The effect of age on the extent of hydroxylation of lysine and proline both generally and at certain specific sites in collagens from bone, skin and tendon was examined in the chick from the 14-day embryo to the 18-month-old adult. For all collagens there was a marked fall in the overall extent of hydroxylation of lysine with increasing age in both alpha(1) and alpha(2) chains, this fall occurring mostly in a relatively short period immediately after hatching. Hydroxylation of lysine declined to a constant value which, as expected, differed appreciably for each collagen and was considered to be characteristic of the collagen according to its tissue of origin. Hydroxylation of lysine in the N-terminal, non-helical telopeptide region of both alpha(1) and alpha(2) chains, which is important with regard to cross-linking, was relatively high in embryonic collagens. There was, however, a rapid loss of hydroxylation at these sites in skin collagen, occurring both during development of the embryo and in the period immediately after hatching. In contrast some hydroxylation at these sites persisted in bone and tendon collagens and, as judged by examination of peptide alpha(1)-CB1, appeared to reach a constant value in time of about 33% in bone and about 15% in tendon collagen. The actual extent of hydroxylation of lysine in the N-terminal telopeptides and the size of the changes in these values with age appeared to be unrelated to the corresponding whole-chain values, and it is suggested therefore that hydroxylation of telopeptidyl lysine may be under separate enzymic control. The increased hydroxylation of lysine in the embryo was accompanied by only minimal changes in proline hydroxylation, which was very slightly increased in embryonic bone and tendon collagens. Increased hydroxylation of proline in the embryo was, however, readily observed in peptide alpha(1)-CB2 from the helical region of tendon collagen. This hydroxylation was close to the theoretical maximum, in contrast with that observed in post-embryonic tendon, where hydroxylation was incomplete, as in rat tendon (Bornstein, 1967), only four on average, of the six susceptible proline residues being hydroxylated.

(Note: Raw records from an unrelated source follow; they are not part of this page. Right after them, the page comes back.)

lemma maximizer_unique:
  fixes f :: "'a::real_vector \<Rightarrow> real"
  assumes concave: "\<And>z h. h \<noteq> 0 \<Longrightarrow> f (z + h) + f (z - h) < 2 * f z"
    and "\<forall>x. f x \<le> f a" and "\<forall>x. f x \<le> f b"
  shows "a = b"
proof (rule ccontr)
  assume "a \<noteq> b"
  define h where "h = (1/2) *\<^sub>R (a - b)"
  have "h + h = a - b"
    by (simp add: h_def flip: scaleR_left_distrib)
  then have "(b + h) + h = a" and "h \<noteq> 0"
    using \<open>a \<noteq> b\<close> by (auto simp: add.assoc)
  then have "f a + f b < 2 * f (b + h)"
    using concave[of h "b + h"] by simp
  moreover have "f (b + h) \<le> f a" and "f (b + h) \<le> f b"
    using assms(2,3) by blast+
  ultimately show False
    by linarith
qed

lemma AE_eq_const_of_AE_maximizer:
  fixes f :: "'a::real_vector \<Rightarrow> real"
  assumes "prob_space Pr"
    and concave: "\<And>z h. h \<noteq> 0 \<Longrightarrow> f (z + h) + f (z - h) < 2 * f z"
    and max: "AE \<omega> in Pr. \<forall>x. f x \<le> f (X \<omega>)"
  shows "\<exists>c. AE \<omega> in Pr. X \<omega> = c"
proof -
  obtain \<omega>\<^sub>0 where max\<^sub>0: "\<forall>x. f x \<le> f (X \<omega>\<^sub>0)"
    using eventually_happens'[OF prob_space.ae_filter_bot[OF assms(1)] max] by blast
  from max have "AE \<omega> in Pr. X \<omega> = X \<omega>\<^sub>0"
    by (rule eventually_mono) (rule maximizer_unique[OF concave _ max\<^sub>0])
  then show ?thesis ..
qed

theorem mainTheorem8:
  fixes Pr :: "'w measure"
    and Sig :: "real^'n^'n" and g :: "real^'n" and M :: "real^'n^'n"
    and S :: "'n set" and delta :: "'n \<Rightarrow> 'w \<Rightarrow> real^'n"
  assumes "prob_space Pr"
    and "transpose Sig = Sig"
    and "\<forall>x. x \<noteq> 0 \<longrightarrow> 0 < x \<bullet> (Sig *v x)"
    and "\<forall>i. 0 < g$i"
    and "\<forall>k\<in>S. delta k \<in> borel_measurable Pr"
    and "\<forall>k\<in>S. integrable Pr (delta k)"
    and "\<forall>k\<in>S. integrable Pr (\<lambda>\<omega>. (norm (delta k \<omega>))\<^sup>2)"
    and "prob_space.indep_vars Pr (\<lambda>_. borel) delta S"
    and "\<forall>j. j \<notin> S \<longrightarrow> (\<forall>\<omega>\<in>space Pr. delta j \<omega> = 0)"
    and "\<forall>k\<in>S. AE \<omega> in Pr. \<forall>x. expected_utility Pr Sig g M delta k x
                                 \<le> expected_utility Pr Sig g M delta k (delta k \<omega>)"
  shows "\<forall>k\<in>S. \<exists>c. AE \<omega> in Pr. delta k \<omega> = c"
proof
  fix k
  assume "k \<in> S"
  interpret negotiation Sig g
    using assms(3,4) by unfold_locales
  have meas: "delta c \<in> borel_measurable Pr" for c
  proof (cases "c \<in> S")
    case False
    then show ?thesis
      using assms(9) by (subst measurable_cong[where g = "\<lambda>_. 0"]) auto
  qed (use assms(5) in blast)
  have moments: "integrable Pr (\<lambda>\<omega>. (norm (delta c \<omega>))\<^sup>2)" for c
  proof (cases "c \<in> S")
    case False
    then show ?thesis
      using assms(9) by (subst Bochner_Integration.integrable_cong[where g = "\<lambda>_. 0"]) auto
  qed (use assms(7) in blast)
  show "\<exists>c. AE \<omega> in Pr. delta k \<omega> = c"
    using assms(10) \<open>k \<in> S\<close>
    by (intro AE_eq_const_of_AE_maximizer[where f = "expected_utility Pr Sig g M delta k", OF assms(1)]
        expected_utility_strictly_concave[OF assms(1) meas moments]) blast+
qed

end
(* Let $\{\hat f_n\}_{n\in\mathbb N}\subset L_0(\hat\nabla,\hat\mu)$, and for each $n$ let $\omega\mapsto f_n(\omega)\in L_0(\nabla_\omega,\mu_\omega)$ be the measurable section representing $\hat f_n$. Then $\inf_{n}\hat f_n$ exists in $L_0(\hat\nabla,\hat\mu)$ if and only if $\inf_n f_n(\omega)$ exists in $L_0(\nabla_\omega,\mu_\omega)$ for $\lambda$-almost every $\omega\in\Omega$. In that case $\big(\inf_n \hat f_n\big)(\omega)=\inf_n f_n(\omega)$ for $\lambda$-almost every $\omega\in\Omega$.
   Context: $(\Omega,\Sigma,\lambda)$ is a measure space with finite measure $\lambda$; $L_0(\Omega)$ is the algebra of (classes of a.e. equal) measurable real functions on $\Omega$. For each $\omega\in\Omega$, $\nabla_\omega$ is a complete Boolean algebra carrying a strictly positive finite real-valued measure $\mu_\omega$, with metric $\rho_\omega(e,g)=\mu_\omega(e\,\Delta\, g)$. The assignment $\omega\mapsto\nabla_\omega$ together with a set $L$ of sections forms a measurable bundle of Boolean algebras over $\Omega$. $\hat\nabla$ denotes the complete Boolean algebra of classes (modulo a.e. equality) of measurable sections $\omega\mapsto e(\omega)\in\nabla_\omega$, and $\hat\mu:\hat\nabla\to L_0(\Omega)$ is the strictly positive $L_0(\Omega)$-valued measure given by $\hat\mu(\hat e)=$ the class of $\omega\mapsto\mu_\omega(e(\omega))$. $L_0(\hat\nabla,\hat\mu)$ is the order complete vector lattice $C_\infty(Q(\hat\nabla))$, and $L_0(\nabla_\omega,\mu_\omega)$ is the usual space of measurable functions (mod null sets) over $(\nabla_\omega,\mu_\omega)$ with metric $\rho_\omega(a,b)=\int\frac{|a-b|}{1+|a-b|}d\mu_\omega$. It is known that $L_0(\hat\nabla,\hat\mu)$ is identified with the space of classes (mod a.e. equality) of measurable sections $\omega\mapsto f(\omega)\in L_0(\nabla_\omega,\mu_\omega)$; under this identification $\hat f$ corresponds to a section $\omega\mapsto f(\omega)$, and $\hat f\le\hat g$ iff $f(\omega)\le g(\omega)$ for a.e. $\omega$. *)

theory Defs
  imports "HOL-Analysis.Analysis"
begin

text \<open>
  Each fibre Boolean algebra \<nabla>_\<omega> with its strictly positive finite measure \<mu>_\<omega>
  is realised as the measure algebra of a finite measure space M \<omega>
  (elements: sets of M \<omega> modulo null sets).  L_0(\<nabla>_\<omega>,\<mu>_\<omega>) is then the
  space of real Borel functions on M \<omega> modulo a.e. equality.
\<close>

definition rho :: "'b measure \<Rightarrow> 'b set \<Rightarrow> 'b set \<Rightarrow> real" where
  "rho N e g = measure N ((e - g) \<union> (g - e))"

definition bool_bundle :: "'a measure \<Rightarrow> ('a \<Rightarrow> 'b measure) \<Rightarrow> ('a \<Rightarrow> 'b set) set \<Rightarrow> bool" where
  "bool_bundle \<Lambda> M L \<longleftrightarrow>
     finite_measure \<Lambda> \<and>
     (\<forall>\<omega>\<in>space \<Lambda>. finite_measure (M \<omega>)) \<and>
     (\<forall>e\<in>L. \<forall>\<omega>\<in>space \<Lambda>. e \<omega> \<in> sets (M \<omega>)) \<and>
     (\<lambda>\<omega>. {}) \<in> L \<and>
     (\<forall>e\<in>L. \<forall>g\<in>L. (\<lambda>\<omega>. e \<omega> \<union> g \<omega>) \<in> L) \<and>
     (\<forall>e\<in>L. (\<lambda>\<omega>. space (M \<omega>) - e \<omega>) \<in> L) \<and>
     (\<forall>e\<in>L. (\<lambda>\<omega>. measure (M \<omega>) (e \<omega>)) \<in> borel_measurable \<Lambda>) \<and>
     (\<forall>\<omega>\<in>space \<Lambda>. \<forall>A\<in>sets (M \<omega>). \<forall>\<epsilon>>0. \<exists>e\<in>L. rho (M \<omega>) (e \<omega>) A < \<epsilon>)"

definition step_section :: "'a measure \<Rightarrow> ('a \<Rightarrow> 'b set) set \<Rightarrow> ('a \<Rightarrow> 'b set) \<Rightarrow> bool" where
  "step_section \<Lambda> L s \<longleftrightarrow>
     (\<exists>n::nat. \<exists>A c. (\<forall>i<n. A i \<in> sets \<Lambda> \<and> c i \<in> L) \<and> disjoint_family_on A {..<n} \<and>
        (\<Union>i<n. A i) = space \<Lambda> \<and> (\<forall>i<n. \<forall>\<omega>\<in>A i. s \<omega> = c i \<omega>))"

definition meas_bool_section ::
  "'a measure \<Rightarrow> ('a \<Rightarrow> 'b measure) \<Rightarrow> ('a \<Rightarrow> 'b set) set \<Rightarrow> ('a \<Rightarrow> 'b set) \<Rightarrow> bool" where
  "meas_bool_section \<Lambda> M L e \<longleftrightarrow>
     (\<forall>\<omega>\<in>space \<Lambda>. e \<omega> \<in> sets (M \<omega>)) \<and>
     (\<exists>s. (\<forall>k. step_section \<Lambda> L (s k)) \<and>
          (AE \<omega> in \<Lambda>. (\<lambda>k. rho (M \<omega>) (s k \<omega>) (e \<omega>)) \<longlonglongrightarrow> 0))"

text \<open>Measurable sections \<omega> \<mapsto> f(\<omega>) \<in> L_0(\<nabla>_\<omega>,\<mu>_\<omega>): all spectral
  idempotents [f(\<omega>) < t] form measurable sections of the Boolean bundle.\<close>
definition L0_section ::
  "'a measure \<Rightarrow> ('a \<Rightarrow> 'b measure) \<Rightarrow> ('a \<Rightarrow> 'b set) set \<Rightarrow> ('a \<Rightarrow> 'b \<Rightarrow> real) \<Rightarrow> bool" where
  "L0_section \<Lambda> M L f \<longleftrightarrow>
     (\<forall>\<omega>\<in>space \<Lambda>. f \<omega> \<in> borel_measurable (M \<omega>)) \<and>
     (\<forall>t::real. meas_bool_section \<Lambda> M L (\<lambda>\<omega>. {x \<in> space (M \<omega>). f \<omega> x < t}))"

definition is_inf_L0 :: "'b measure \<Rightarrow> (nat \<Rightarrow> 'b \<Rightarrow> real) \<Rightarrow> ('b \<Rightarrow> real) \<Rightarrow> bool" where
  "is_inf_L0 N F h \<longleftrightarrow>
     h \<in> borel_measurable N \<and>
     (\<forall>n. AE x in N. h x \<le> F n x) \<and>
     (\<forall>g\<in>borel_measurable N. (\<forall>n. AE x in N. g x \<le> F n x) \<longrightarrow> (AE x in N. g x \<le> h x))"

text \<open>Order on L_0(\<nabla>^,\<mu>^) identified with classes of measurable sections:
  f^ \<le> g^ iff f(\<omega>) \<le> g(\<omega>) in L_0(\<nabla>_\<omega>,\<mu>_\<omega>) for a.e. \<omega>.\<close>
definition hat_le :: "'a measure \<Rightarrow> ('a \<Rightarrow> 'b measure) \<Rightarrow> ('a \<Rightarrow> 'b \<Rightarrow> real) \<Rightarrow> ('a \<Rightarrow> 'b \<Rightarrow> real) \<Rightarrow> bool" where
  "hat_le \<Lambda> M f g \<longleftrightarrow> (AE \<omega> in \<Lambda>. AE x in M \<omega>. f \<omega> x \<le> g \<omega> x)"

definition is_inf_hat ::
  "'a measure \<Rightarrow> ('a \<Rightarrow> 'b measure) \<Rightarrow> ('a \<Rightarrow> 'b set) set \<Rightarrow> (nat \<Rightarrow> 'a \<Rightarrow> 'b \<Rightarrow> real) \<Rightarrow> ('a \<Rightarrow> 'b \<Rightarrow> real) \<Rightarrow> bool" where
  "is_inf_hat \<Lambda> M L F g \<longleftrightarrow>
     L0_section \<Lambda> M L g \<and>
     (\<forall>n. hat_le \<Lambda> M g (F n)) \<and>
     (\<forall>h. L0_section \<Lambda> M L h \<and> (\<forall>n. hat_le \<Lambda> M h (F n)) \<longrightarrow> hat_le \<Lambda> M h g)"

end

theory Submission
  imports Defs
begin

text \<open>
  Let \<open>m \<omega> x = (INF n. f n \<omega> x)\<close> be the pointwise infimum, taken in the extended reals.
  Measurable sections of the Boolean bundle are closed under complements and countable unions
  (a countable union is the a.e. limit of its finite partial unions, and a.e. limits of measurable
  sections are measurable by a diagonal Borel--Cantelli argument), so every spectral set
  \<open>[m < t] = \<Union>n. [f n < t]\<close> is a measurable section.  Consequently, whenever \<open>m\<close> is a.e. finite, \<open>m\<close>
  itself is an \<open>L\<^sub>0\<close>-section, and it is then the infimum both in \<open>L\<^sub>0(\<nabla>^,\<mu>^)\<close> and in almost
  every fibre.  Conversely, if \<open>g\<close> is the infimum in \<open>L\<^sub>0(\<nabla>^,\<mu>^)\<close>, then \<open>max g m\<close> is again an
  \<open>L\<^sub>0\<close>-section below every \<open>f n\<close>, hence below \<open>g\<close>; so \<open>g = m\<close> almost everywhere in almost every
  fibre.  In a single fibre the infimum exists exactly when \<open>m\<close> is a.e. finite, and then equals \<open>m\<close>.
\<close>

subsection \<open>Symmetric-difference distance\<close>

lemma rho_nonneg: "0 \<le> rho N a b"
  by (simp add: rho_def)

lemma rho_triangle:
  assumes "finite_measure N" "a \<in> sets N" "b \<in> sets N" "c \<in> sets N"
  shows "rho N a c \<le> rho N a b + rho N b c"
proof -
  interpret finite_measure N by fact
  have "measure N ((a - c) \<union> (c - a)) \<le> measure N (((a - b) \<union> (b - a)) \<union> ((b - c) \<union> (c - b)))"
    using assms by (intro finite_measure_mono) auto
  also have "\<dots> \<le> measure N ((a - b) \<union> (b - a)) + measure N ((b - c) \<union> (c - b))"
    using assms by (intro measure_Un_le) auto
  finally show ?thesis by (simp add: rho_def)
qed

研究了从14天胚胎期到18个月成年期的雏鸡中,年龄对赖氨酸和脯氨酸羟基化程度的影响,包括总体影响以及在来自骨骼、皮肤和肌腱的胶原蛋白中某些特定位点的影响。对于所有胶原蛋白,随着年龄增长,α(1)链和α(2)链中赖氨酸的总体羟基化程度均显著下降,这种下降主要发生在孵化后的相对短时间内。赖氨酸的羟基化程度下降至一个恒定值,正如预期的那样,每种胶原蛋白的该值明显不同,并被认为是根据其来源组织的胶原蛋白的特征。α(1)链和α(2)链的N端非螺旋端肽区域中赖氨酸的羟基化,在交联方面很重要,在胚胎胶原蛋白中相对较高。然而,在皮肤胶原蛋白中,这些位点的羟基化在胚胎发育期间和孵化后的一段时间内迅速丧失。相比之下,这些位点在骨骼和肌腱胶原蛋白中仍有一些羟基化,通过对肽α(1)-CB1的检测判断,在骨骼中似乎在约33%的时间达到恒定值,在肌腱胶原蛋白中约为15%。N端端肽中赖氨酸的实际羟基化程度以及这些值随年龄的变化大小,似乎与相应的整条链的值无关,因此表明端肽赖氨酸的羟基化可能受单独的酶控制。胚胎中赖氨酸羟基化增加的同时,脯氨酸羟基化仅有最小变化,在胚胎骨骼和肌腱胶原蛋白中略有增加。然而,在来自肌腱胶原蛋白螺旋区域的肽α(1)-CB2中很容易观察到胚胎中脯氨酸羟基化增加。这种羟基化接近理论最大值,与胚胎后肌腱中观察到的情况形成对比,在胚胎后肌腱中,羟基化不完全,如在大鼠肌腱中(伯恩斯坦,1967年),六个易被羟基化的脯氨酸残基平均只有四个被羟基化。